What is expected:
Everything from the line containing "case (Leaf b)" through the final line of the records must be transcribed verbatim; nothing else belongs in the result.

Data for processing:
lemma chi_orthogonal_quadratic:
  "(\<Sum>xs\<in>cube3. chi xs * (\<Sum>j<N. \<Sum>l<N. F j l * (sgn_bit xs (g j) * sgn_bit xs (g l)))) = 0"
proof -
  let ?s = "\<lambda>xs j l. sgn_bit xs (g j) * sgn_bit xs (g l)"
  have "(\<Sum>xs\<in>cube3. chi xs * (\<Sum>j<N. \<Sum>l<N. F j l * ?s xs j l))
      = (\<Sum>xs\<in>cube3. \<Sum>j<N. \<Sum>l<N. F j l * (chi xs * ?s xs j l))"
    by (simp add: sum_distrib_left mult_ac)
  also have "\<dots> = (\<Sum>j<N. \<Sum>xs\<in>cube3. \<Sum>l<N. F j l * (chi xs * ?s xs j l))"
    by (rule sum.swap)
  also have "\<dots> = (\<Sum>j<N. \<Sum>l<N. \<Sum>xs\<in>cube3. F j l * (chi xs * ?s xs j l))"
    by (intro sum.cong refl) (rule sum.swap)
  also have "\<dots> = (\<Sum>j<N. \<Sum>l<N. F j l * (\<Sum>xs\<in>cube3. chi xs * ?s xs j l))"
    by (simp add: sum_distrib_left)
  also have "\<dots> = 0" by (simp add: chi_orthogonal_two_signs)
  finally show ?thesis .
qed

lemma one_query_top_coefficient:
  assumes alg: "is_query_alg 3 1 W Us" and exact: "computes_exactly 3 W Us h"
  shows "(\<Sum>xs\<in>cube3. chi xs * of_bool (h xs)) = 0"
proof -
  obtain N :: nat and F g where quad:
      "\<And>xs. complex_of_real (out_prob 3 W (final_state 3 W xs Us) True)
              = (\<Sum>j<N. \<Sum>l<N. F j l * (sgn_bit xs (g j) * sgn_bit xs (g l)))"
    using one_query_acceptance_quadratic[OF alg] by blast
  have "(\<Sum>xs\<in>cube3. chi xs * of_bool (h xs))
      = (\<Sum>xs\<in>cube3. chi xs * complex_of_real (out_prob 3 W (final_state 3 W xs Us) True))"
    by (intro sum.cong refl) (simp add: exact_acceptance[OF alg exact] cube3_def)
  also have "\<dots> = 0" unfolding quad by (rule chi_orthogonal_quadratic)
  finally show ?thesis .
qed

lemma f3_cube3: "f3 [x,y,z] = (x \<and> y \<or> \<not> x \<and> \<not> y \<and> z)"
  by (simp add: f3_def bit_cube3)

lemma f3_top_coefficient: "(\<Sum>xs\<in>cube3. chi xs * of_bool (f3 xs)) = -1"
  unfolding sum_cube3 chi_def sgn_bit_def f3_cube3 by (simp add: bit_cube3)

lemma f3_needs_two_queries:
  assumes alg: "is_query_alg 3 t W Us" and exact: "computes_exactly 3 W Us f3"
  shows "2 \<le> t"
proof (rule ccontr)
  assume "\<not> 2 \<le> t"
  then consider "t = 0" | "t = 1" by linarith
  then show False
  proof cases
    case 1
    have "f3 [False,False,True] = f3 [False,False,False]"
      using zero_query_constant alg exact 1 by simp
    then show False by (simp add: f3_cube3)
  next
    case 2
    then show False
      using one_query_top_coefficient f3_top_coefficient alg exact by fastforce
  qed
qed

section \<open>An exact two-query algorithm for f\<close>

text \<open>With workspace dimension 1 the basis state |i>|b> has index 2 i + b.  Matrices and
  vectors are given as lists of rows/entries, read as functions (zero outside the lists).\<close>
definition matl :: "complex list list \<Rightarrow> nat \<Rightarrow> nat \<Rightarrow> complex" where
  "matl M i j = (if i < length M \<and> j < length (M!i) then M!i!j else 0)"

definition vecl :: "complex list \<Rightarrow> nat \<Rightarrow> complex" where
  "vecl l i = (if i < length l then l!i else 0)"

definition mat_vec :: "nat \<Rightarrow> complex list list \<Rightarrow> (nat \<Rightarrow> complex) \<Rightarrow> complex list" where
  "mat_vec n M v = map (\<lambda>row. \<Sum>j<n. (if j < length row then row!j else 0) * v j) M"

definition query_list :: "bool list \<Rightarrow> complex list \<Rightarrow> complex list" where
  "query_list xs l = map (\<lambda>(k,a). (if bit xs (k div 2) then -1 else 1) * a) (zip [0..<length l] l)"

lemma apply_op_matl: "apply_op n (matl M) v = vecl (mat_vec n M v)"
  by (rule ext) (simp add: apply_op_def matl_def vecl_def mat_vec_def)

lemma query_op_vecl: "query_op (Suc 0) xs (vecl l) = vecl (query_list xs l)"
  by (rule ext) (simp add: query_op_def vecl_def query_list_def)

lemma init_state_vecl: "init_state = vecl [1,0,0,0,0,0,0,0]"
  by (rule ext) (simp add: init_state_def vecl_def nth_Cons')

text \<open>A list of eight rows of length eight defines a unitary when its Gram matrix is the
  identity; this reduces unitarity to a finite computation.\<close>
definition gram :: "complex list list \<Rightarrow> complex list list" where
  "gram M = map (\<lambda>j. map (\<lambda>k. sum_list (map (\<lambda>row. cnj (row!j) * row!k) M)) [0..<8]) [0..<8]"

definition id8 :: "complex list list" where
  "id8 = map (\<lambda>j. map (\<lambda>k. if j = k then 1 else 0) [0..<8]) [0..<8]"

lemma gram_unitary:
  assumes len: "length M = 8" and rows: "\<forall>row\<in>set M. length row = 8" and gram: "gram M = id8"
  shows "is_unitary 8 (matl M)"
  unfolding is_unitary_def
proof (intro allI impI)
  fix j k :: nat assume j: "j < 8" and k: "k < 8"
  have "(\<Sum>i<8. cnj (matl M i j) * matl M i k) = (\<Sum>i<length M. cnj (M!i!j) * M!i!k)"
    using len rows j k by (intro sum.cong) (auto simp: matl_def)
  also have "\<dots> = sum_list (map (\<lambda>row. cnj (row!j) * row!k) M)"
    by (simp add: sum_list_sum_nth atLeast0LessThan)
  also have "\<dots> = gram M ! j ! k" using j k by (simp add: gram_def)
  also have "\<dots> = (if j = k then 1 else 0)" using j k by (simp add: gram id8_def)
  finally show "(\<Sum>i<8. cnj (matl M i j) * matl M i k) = (if j = k then 1 else 0)" .
qed

definition sqrt2 :: complex where
  "sqrt2 = of_real (sqrt 2)"

lemma sqrt2_square [simp]: "sqrt2 * sqrt2 = 2"
  unfolding sqrt2_def by (metis of_real_mult of_real_numeral real_sqrt_mult_self abs_numeral)

lemma cnj_sqrt2 [simp]: "cnj sqrt2 = sqrt2"
  unfolding sqrt2_def by simp

text \<open>U_0 sends |0>|0> to the uniform superposition of |i>|0>, i = 0..3; the first query
  then writes the signs (-1)^{x_i} into the amplitudes, which U_1, the second query and U_2
  combine so that the amplitudes on the wrong output bit cancel.\<close>
definition U0 :: "complex list list" where
  "U0 = [[1/2,0,1/2,0,1/2,0,1/2,0],
         [0,1,0,0,0,0,0,0],
         [1/2,0,-1/2,0,1/2,0,-1/2,0],
         [0,0,0,1,0,0,0,0],
         [1/2,0,1/2,0,-1/2,0,-1/2,0],
         [0,0,0,0,0,1,0,0],
         [1/2,0,-1/2,0,-1/2,0,1/2,0],
         [0,0,0,0,0,0,0,1]]"

definition U1 :: "complex list list" where
  "U1 = [[sqrt2/4, 0, sqrt2/4, sqrt2/2, sqrt2/4, 0, sqrt2/4, 0],
         [0, 1, 0, 0, 0, 0, 0, 0],
         [sqrt2/4, 0, -sqrt2/4, 0, -sqrt2/4, sqrt2/2, sqrt2/4, 0],
         [1/2, 0, 0, 0, 0, 0, -1/2, sqrt2/2],
         [sqrt2/4, 0, -sqrt2/4, 0, -sqrt2/4, -sqrt2/2, sqrt2/4, 0],
         [1/2, 0, 0, 0, 0, 0, -1/2, -sqrt2/2],
         [0, 0, sqrt2/2, 0, -sqrt2/2, 0, 0, 0],
         [sqrt2/4, 0, sqrt2/4, -sqrt2/2, sqrt2/4, 0, sqrt2/4, 0]]"

definition U2 :: "complex list list" where
  "U2 = [[sqrt2/2, 0, 0, 0, 0, 0, 0, sqrt2/2],
         [0, 0, sqrt2/2, 0, sqrt2/2, 0, 0, 0],
         [0, 0, sqrt2/2, 0, -sqrt2/2, 0, 0, 0],
         [sqrt2/2, 0, 0, 0, 0, 0, 0, -sqrt2/2],
         [0, 0, 0, sqrt2/2, 0, -sqrt2/2, 0, 0],
         [0, 0, 0, sqrt2/2, 0, sqrt2/2, 0, 0],
         [0, 0, 0, 0, 0, 0, 1, 0],
         [0, 1, 0, 0, 0, 0, 0, 0]]"

definition f3_alg :: "(nat \<Rightarrow> nat \<Rightarrow> complex) list" where
  "f3_alg = [matl U0, matl U1, matl U2]"

lemma qdim_f3_alg: "qdim 3 (Suc 0) = 8"
  by (simp add: qdim_def)

lemma f3_alg_is_query_alg: "is_query_alg 3 2 1 f3_alg"
proof -
  have "is_unitary 8 (matl U0)" "is_unitary 8 (matl U1)" "is_unitary 8 (matl U2)"
    by (rule gram_unitary; simp add: U0_def U1_def U2_def gram_def id8_def upt_rec)+
  then show ?thesis unfolding is_query_alg_def f3_alg_def by (simp add: qdim_f3_alg)
qed

lemma final_state_f3_alg:
  "final_state 3 1 xs f3_alg = vecl (mat_vec 8 U2 (vecl (query_list xs
     (mat_vec 8 U1 (vecl (query_list xs (mat_vec 8 U0 (vecl [1,0,0,0,0,0,0,0]))))))))"
  by (simp add: f3_alg_def qdim_f3_alg init_state_vecl apply_op_matl query_op_vecl)

lemma out_prob_dim8:
  "out_prob 3 1 v b = (\<Sum>k<(8::nat). if odd k \<longleftrightarrow> b then (cmod (v k))\<^sup>2 else 0)"
proof -
  have outcome_b: "{k. k < qdim 3 1 \<and> (odd k \<longleftrightarrow> b)} = {k\<in>{..<8}. odd k \<longleftrightarrow> b}"
    by (auto simp: qdim_f3_alg)
  show ?thesis unfolding out_prob_def outcome_b sum.inter_filter[OF finite_lessThan] ..
qed

lemma sum_lessThan_8:
  "(\<Sum>i<(8::nat). g i) = g 0 + g 1 + g 2 + g 3 + g 4 + g 5 + g 6 + (g 7 :: 'a::comm_monoid_add)"
  by (simp add: eval_nat_numeral add_ac)

lemma f3_alg_never_wrong: "out_prob 3 1 (final_state 3 1 [a,b,c] f3_alg) (\<not> f3 [a,b,c]) = 0"
  unfolding final_state_f3_alg out_prob_dim8 sum_lessThan_8 f3_cube3
  by (cases a; cases b; cases c;
      simp add: mat_vec_def query_list_def U0_def U1_def U2_def sum_lessThan_8 vecl_def
        bit_cube3 upt_rec)

lemma f3_alg_exact: "computes_exactly 3 1 f3_alg f3"
proof (rule exact_if_wrong_output_impossible[OF f3_alg_is_query_alg])
  fix xs :: "bool list" assume "length xs = 3"
  then obtain a b c where "xs = [a,b,c]"
    by (metis (no_types) length_0_conv length_Suc_conv numeral_3_eq_3)
  then show "out_prob 3 1 (final_state 3 1 xs f3_alg) (\<not> f3 xs) = 0"
    using f3_alg_never_wrong by simp
qed

section \<open>Parity decision trees of depth at most two\<close>

lemma parity_empty [simp]: "parity {} xs = False"
  by (simp add: parity_def)

lemma parity_cube3: "parity S [p,q,r] = ((1\<in>S \<and> p) \<noteq> ((2\<in>S \<and> q) \<noteq> (3\<in>S \<and> r)))"
proof -
  have bits_in_S: "{i\<in>S. bit [p,q,r] i} = (if 1\<in>S \<and> p then {1} else {}) \<union> (if 2\<in>S \<and> q then {2} else {})
                                \<union> (if 3\<in>S \<and> r then {3::nat} else {})"
    unfolding bit_cube3 by auto
  show ?thesis unfolding parity_def bits_in_S
    by (cases "1\<in>S"; cases p; cases "2\<in>S"; cases q; cases "3\<in>S"; cases r; simp)
qed

lemma depth1_affine_parity:
  assumes "pdt_depth T \<le> 1"
  shows "\<exists>S c. \<forall>xs. pdt_eval T xs = (parity S xs \<noteq> c)"
proof (cases T)
  case (Leaf b)
  then show ?thesis by (intro exI[of _ "{}"] exI[of _ b]) simp
next
  case (Node S l r)
  then obtain b1 b2 where l: "l = Leaf b1" and r: "r = Leaf b2"
    using assms by (cases l; cases r) auto
  show ?thesis
  proof (cases "b1 = b2")
    case True then show ?thesis using Node l r by (intro exI[of _ "{}"] exI[of _ b1]) simp
  next
    case False then show ?thesis using Node l r by (intro exI[of _ S] exI[of _ b1]) auto
  qed
qed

Answer section:
  case (Leaf b)
  then show ?thesis by (intro exI[of _ "{}"] exI[of _ b]) simp
next
  case (Node S l r)
  then obtain b1 b2 where l: "l = Leaf b1" and r: "r = Leaf b2"
    using assms by (cases l; cases r) auto
  show ?thesis
  proof (cases "b1 = b2")
    case True then show ?thesis using Node l r by (intro exI[of _ "{}"] exI[of _ b1]) simp
  next
    case False then show ?thesis using Node l r by (intro exI[of _ S] exI[of _ b1]) auto
  qed
qed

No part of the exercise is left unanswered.